Main Article Content
Purpose: Antibiotic misuse in children with upper respiratory tract infections is a challenge in public health. The study aimed to examine the relationships among knowledge, attitudes and practices of parents regarding antibiotic use in this group of children in Cambodia; and the prediction of parents’ knowledge, attitudes, sex, education, and family income on the parents’ practices.
Design: A cross-sectional survey with correlational predictive design.
Methods: A convenience sampling was used to recruit 258 parents who brought their children under 15 years of age to receive health services at eight health centers in Kandal province, Cambodia. Interview and self-administered questionnaires were used. Data were collected from January to March 2020 and analyzed using descriptive statistics, Pearson correlation coefficient, and multiple regression.

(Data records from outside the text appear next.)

lemma adj_depth:
  assumes "adj x y"
  shows "root x = root y \<and> (depth y = Suc (depth x) \<or> depth x = Suc (depth y))"
proof -
  have xy: "x \<in> V" "y \<in> V" using adj_in_V assms by auto
  have same_root: "root x = root y" using assms by (intro root_eq) auto
  have walk_x: "(adj ^^ depth x) (root x) x" and walk_y: "(adj ^^ depth y) (root x) y"
    using depth_walk xy same_root by metis+
  have "depth y \<le> Suc (depth x)"
    using depth_le relpowp_Suc_I[OF walk_x assms] same_root by metis
  moreover have "depth x \<le> Suc (depth y)"
    using depth_le relpowp_Suc_I[OF walk_y adjacent_sym[OF assms]] by metis
  moreover have "even (depth y) \<longleftrightarrow> even (Suc (depth x))"
    using bipartite_walk_parity[OF bipartite walk_y relpowp_Suc_I[OF walk_x assms]] .
  ultimately show ?thesis using same_root by presburger
qed

lemma parent_adj_depth:
  assumes "w \<in> V" "0 < depth w"
  shows "adj (parent w) w \<and> Suc (depth (parent w)) = depth w"
proof -
  obtain n where n: "depth w = Suc n" using assms(2) gr0_implies_Suc by blast
  then obtain p where p: "(adj ^^ n) (root w) p" "adj p w"
    using depth_walk[OF assms(1)] by (auto elim: relpowp_Suc_E)
  then have "depth p \<le> n" using adj_depth depth_le by metis
  then have "Suc (depth p) = depth w" using adj_depth[OF p(2)] n by auto
  with p(2) have "\<exists>p. adj p w \<and> Suc (depth p) = depth w" by blast
  then show ?thesis unfolding parent_def by (rule someI_ex)
qed

lemma tree_edge_in_H: "w \<in> V \<Longrightarrow> 0 < depth w \<Longrightarrow> {w, parent w} \<in> H"
  using parent_adj_depth unfolding adjacent_def by (simp add: insert_commute)

lemma root_child:
  assumes "r \<in> V" "depth r = 0" "adj r y"
  shows "depth y = 1 \<and> parent y = r"
proof -
  have y: "depth y = 1" "y \<in> V" using adj_depth[OF assms(3)] assms(2) adj_in_V[OF assms(3)] by auto
  then have "adj (parent y) y" "depth (parent y) = 0" using parent_adj_depth[of y] by auto
  then have "parent y = root y"
    using depth_eq_0_iff adj_in_V adj_depth by metis
  also have "root y = r" using adj_depth[OF assms(3)] depth_eq_0_iff assms(1,2) by simp
  finally show ?thesis using y by simp
qed

lemma first_second_child:
  assumes "branching H r"
  shows "adj r (first_child r) \<and> adj r (second_child r) \<and> first_child r \<noteq> second_child r"
proof -
  obtain a b where "a \<noteq> b" "adj r a" "adj r b" using assms unfolding branching_def by blast
  then have "adj r (first_child r)" and "\<exists>b. adj r b \<and> b \<noteq> first_child r"
    unfolding first_child_def by (metis someI)+
  then show ?thesis unfolding second_child_def by (metis (mono_tags, lifting) someI_ex)
qed

end

locale rooted_bipartite_graph_matching = rooted_bipartite_graph +
  fixes M :: "'a set set"
  assumes matching: "matching M" and simple_M: "simple_graph V M" and disjoint: "H \<inter> M = {}"
begin

definition marked :: "'a \<Rightarrow> bool" where
  "marked x \<longleftrightarrow> (\<exists>e\<in>M. x = (SOME y. y \<in> e))"

definition slot :: "'a \<Rightarrow> nat" where
  "slot w = (if 2 \<le> depth w then depth w mod 3
     else if w = first_child (parent w) then 3 + of_bool (marked (parent w))
     else if w = second_child (parent w) then 5 + of_bool (marked (parent w))
     else 7)"

definition colour :: "'a \<Rightarrow> nat" where
  "colour w = 2 * slot w + of_bool (marked w)"

definition colouring :: "'a set \<Rightarrow> nat option" where
  "colouring e = (if \<exists>w\<in>V. 0 < depth w \<and> e = {w, parent w}
     then Some (colour (THE w. w \<in> V \<and> 0 < depth w \<and> e = {w, parent w})) else None)"

lemma marked_matching_edge:
  assumes "{u, v} \<in> M" "u \<noteq> v"
  shows "marked u \<noteq> marked v"
proof -
  define s where "s = (SOME y. y \<in> {u, v})"
  have "s \<in> {u, v}" unfolding s_def by (rule someI[of _ u]) simp
  have "marked x \<longleftrightarrow> x = s" if "x \<in> {u, v}" for x
  proof
    assume "marked x"
    then obtain e where e: "e \<in> M" "x = (SOME y. y \<in> e)" unfolding marked_def by blast
    moreover have "e \<noteq> {}" using simple_M e(1) unfolding simple_graph_def by blast
    ultimately have "x \<in> e" by (simp add: some_in_eq)
    with that have "e \<inter> {u, v} \<noteq> {}" by blast
    then have "e = {u, v}" using matching e(1) assms(1) unfolding matching_def by meson
    with e(2) show "x = s" unfolding s_def by simp
  next
    assume "x = s"
    with assms(1) show "marked x" unfolding marked_def s_def by blast
  qed
  with \<open>s \<in> {u, v}\<close> assms(2) show ?thesis by auto
qed

lemma colour_eq_iff: "colour w = colour z \<longleftrightarrow> slot w = slot z \<and> marked w = marked z"
  unfolding colour_def by (cases "marked w"; cases "marked z"; simp; presburger)

lemma slot_less_8: "slot w < 8"
proof -
  have "depth w mod 3 < 3" by simp
  then show ?thesis unfolding slot_def by auto
qed

lemma colour_less_16: "colour w < 16"
  using slot_less_8[of w] unfolding colour_def by simp

lemma slot_deep_eq: "2 \<le> depth w \<Longrightarrow> slot w = depth w mod 3"
  unfolding slot_def by simp

lemma slot_deep_less: "2 \<le> depth w \<Longrightarrow> slot w < 3"
  unfolding slot_def by simp

lemma slot_depth_1_ge: "depth w = 1 \<Longrightarrow> 3 \<le> slot w"
  unfolding slot_def by simp

lemma slot_children:
  assumes "depth w = 1" "depth z = 1" "w \<noteq> z"
    and "z = first_child (parent z) \<or> z = second_child (parent z)"
    and "parent w = parent z \<or> marked (parent w) \<noteq> marked (parent z)"
  shows "slot w \<noteq> slot z"
  using assms unfolding slot_def by auto

lemma tree_edge_unique:
  assumes "w \<in> V" "0 < depth w" "w' \<in> V" "0 < depth w'" "{w, parent w} = {w', parent w'}"
  shows "w' = w"
proof (rule ccontr)
  assume "w' \<noteq> w"
  with assms(5) have "w' = parent w" "parent w' = w" by (auto simp: doubleton_eq_iff)
  with parent_adj_depth[OF assms(1,2)] parent_adj_depth[OF assms(3,4)] show False by simp
qed

lemma colouring_tree_edge:
  assumes "w \<in> V" "0 < depth w"
  shows "colouring {w, parent w} = Some (colour w)"
proof -
  have "(THE w'. w' \<in> V \<and> 0 < depth w' \<and> {w, parent w} = {w', parent w'}) = w"
    using assms tree_edge_unique by (intro the_equality) auto
  with assms show ?thesis unfolding colouring_def by auto
qed

lemma colouring_SomeE:
  assumes "colouring e = Some \<alpha>"
  obtains w where "w \<in> V" "0 < depth w" "e = {w, parent w}" "\<alpha> = colour w"
proof -
  from assms obtain w where w: "w \<in> V" "0 < depth w" "e = {w, parent w}"
    unfolding colouring_def by (auto split: if_splits)
  then have "colouring e = Some (colour w)" using colouring_tree_edge by simp
  with assms have "\<alpha> = colour w" by simp
  with w that show ?thesis by blast
qed

lemma partial_edge_colouring_16: "partial_edge_colouring E 16 colouring"
  unfolding partial_edge_colouring_def
proof (intro ballI allI impI)
  fix e \<alpha> assume "colouring e = Some \<alpha>"
  then show "\<alpha> < 16" by (rule colouring_SomeE) (simp add: colour_less_16)
qed

lemma satisfied_by_tree_edge:
  assumes "e \<in> H \<union> M" "z \<in> V" "0 < depth z" "{z, parent z} \<noteq> e" "{z, parent z} \<inter> e \<noteq> {}"
    and rivals: "\<And>w. w \<in> V \<Longrightarrow> 0 < depth w \<Longrightarrow> w \<noteq> z \<Longrightarrow> w \<in> e \<or> parent w \<in> e \<Longrightarrow>
      colour w \<noteq> colour z"
  shows "satisfied (H \<union> M) colouring e"
  unfolding satisfied_def unique_colour_def
proof (intro exI bexI conjI ballI)
  show "{z, parent z} \<in> open_nbhd (H \<union> M) e"
    unfolding open_nbhd_def closed_nbhd_def using tree_edge_in_H assms(2-5) by auto
  show "colouring {z, parent z} = Some (colour z)"
    using colouring_tree_edge assms(2,3) .
  fix f assume f: "f \<in> closed_nbhd (H \<union> M) e - {{z, parent z}}"
  show "colouring f \<noteq> Some (colour z)"
  proof
    assume "colouring f = Some (colour z)"
    then obtain w where "w \<in> V" "0 < depth w" "f = {w, parent w}" "colour z = colour w"
      by (rule colouring_SomeE)
    with f rivals show False unfolding closed_nbhd_def by auto
  qed
qed

lemma satisfied_H_edge_inner:
  assumes "adj x y" "depth y = Suc (depth x)" "0 < depth x"
  shows "satisfied (H \<union> M) colouring {x, y}"
proof -
  have x: "x \<in> V" "adj (parent x) x" "Suc (depth (parent x)) = depth x"
    using adj_in_V parent_adj_depth assms by auto
  show ?thesis
  proof (rule satisfied_by_tree_edge)
    show "{x, parent x} \<noteq> {x, y}"
      using x assms(2) adj_in_V by (auto simp: doubleton_eq_iff)
    fix w assume w: "w \<in> V" "0 < depth w" "w \<noteq> x" "w \<in> {x, y} \<or> parent w \<in> {x, y}"
    then have dw: "depth w = depth x + 1 \<or> depth w = depth x + 2"
      using parent_adj_depth[OF w(1,2)] assms(2) by auto
    then have "2 \<le> depth w" using assms(3) by auto
    have "slot w \<noteq> slot x"
    proof (cases "depth x = 1")
      case True
      then show ?thesis using slot_depth_1_ge[of x] slot_deep_less[OF \<open>2 \<le> depth w\<close>] by simp
    next
      case False
      with assms(3) have "2 \<le> depth x" by simp
      with \<open>2 \<le> depth w\<close> dw mod_3_succ_neq show ?thesis by (auto simp: slot_deep_eq)
    qed
    then show "colour w \<noteq> colour x" by (simp add: colour_eq_iff)
  qed (use assms x tree_edge_in_H in \<open>auto simp: adjacent_def\<close>)
qed

lemma satisfied_H_edge_at_root:
  assumes "adj x y" "depth x = 0"
  shows "satisfied (H \<union> M) colouring {x, y}"
proof -
  have x: "x \<in> V" "root x = x" using assms adj_in_V depth_eq_0_iff by auto
  have child: "depth c = 1 \<and> parent c = x" if "adj x c" for c
    using root_child x(1) assms(2) that .
  have "adj x (first_child x)" "adj x (second_child x)" "first_child x \<noteq> second_child x"
    using first_second_child root_reachable_branching[OF x(1)] x(2) by auto
  moreover define z where "z = (if y = first_child x then second_child x else first_child x)"
  ultimately have z: "adj x z" "z \<noteq> y" "z = first_child x \<or> z = second_child x"
    by auto
  have z_child: "depth z = 1" "parent z = x" using child[OF z(1)] by auto
  show ?thesis
  proof (rule satisfied_by_tree_edge)
    fix w assume w: "w \<in> V" "0 < depth w" "w \<noteq> z" "w \<in> {x, y} \<or> parent w \<in> {x, y}"
    have "depth w = 2 \<or> parent w = x"
      using w child[OF assms(1)] parent_adj_depth[OF w(1,2)] assms(2) by auto
    then have "slot w \<noteq> slot z"
    proof
      assume "depth w = 2"
      then show ?thesis using slot_deep_less[of w] slot_depth_1_ge[OF z_child(1)] by simp
    next
      assume "parent w = x"
      then have "depth w = 1" using parent_adj_depth[OF w(1,2)] assms(2) by simp
      with \<open>parent w = x\<close> show ?thesis using slot_children z z_child w(3) by simp
    qed
    then show "colour w \<noteq> colour z" by (simp add: colour_eq_iff)
  qed (use assms z z_child adj_in_V in \<open>auto simp: adjacent_def doubleton_eq_iff\<close>)
qed

lemma satisfied_H_edge:
  assumes "e \<in> H"
  shows "satisfied (H \<union> M) colouring e"
proof -
  obtain x y where "e = {x, y}" "adj x y" "depth y = Suc (depth x)"
  proof -
    obtain x y where "e = {x, y}" "x \<noteq> y"
      using simple assms unfolding simple_graph_def by blast
    then have "adj x y" "adj y x" "{y, x} = e"
      using assms unfolding adjacent_def by (auto simp: insert_commute)
    moreover from adj_depth[OF \<open>adj x y\<close>]
    have "depth y = Suc (depth x) \<or> depth x = Suc (depth y)" by blast
    ultimately show thesis using that \<open>e = {x, y}\<close> by blast
  qed
  then show ?thesis
    using satisfied_H_edge_inner satisfied_H_edge_at_root by (cases "depth x") auto
qed

lemma matching_edge_in_V: "{u, v} \<in> M \<Longrightarrow> u \<in> V \<and> v \<in> V"
  using simple_M unfolding simple_graph_def by (auto simp: doubleton_eq_iff)

lemma tree_edge_not_in_M: "w \<in> V \<Longrightarrow> 0 < depth w \<Longrightarrow> {w, parent w} \<notin> M"
  using tree_edge_in_H disjoint by blast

Main findings: Significant relationships between knowledge and attitudes (r = .48, p < .001), and attitudes and practices (r = .23, p < .001) were found, except that between knowledge and practices (r = .11, p = .086). While all study factors accounted for 11% of the variance explained in the parents’ practice (R2 = .11), only three factors could significantly predict the practices; that is, attitudes (β = .24, p < .01), female parent (β = .14, p < .05), and years of education (β = - .17, p < .05).
Conclusion and recommendations: Parents’ attitudes towards antibiotic use was related to their knowledge and practices; attitudes, sex and education were the predictors of parents’ practices. Thus, public-directed programs to promote antibiotic awareness is needed. Information about rational drug use should be given in formal education system. Nurses should also pay greater attention on male parents and well-educated parents during giving advice of antibiotic use.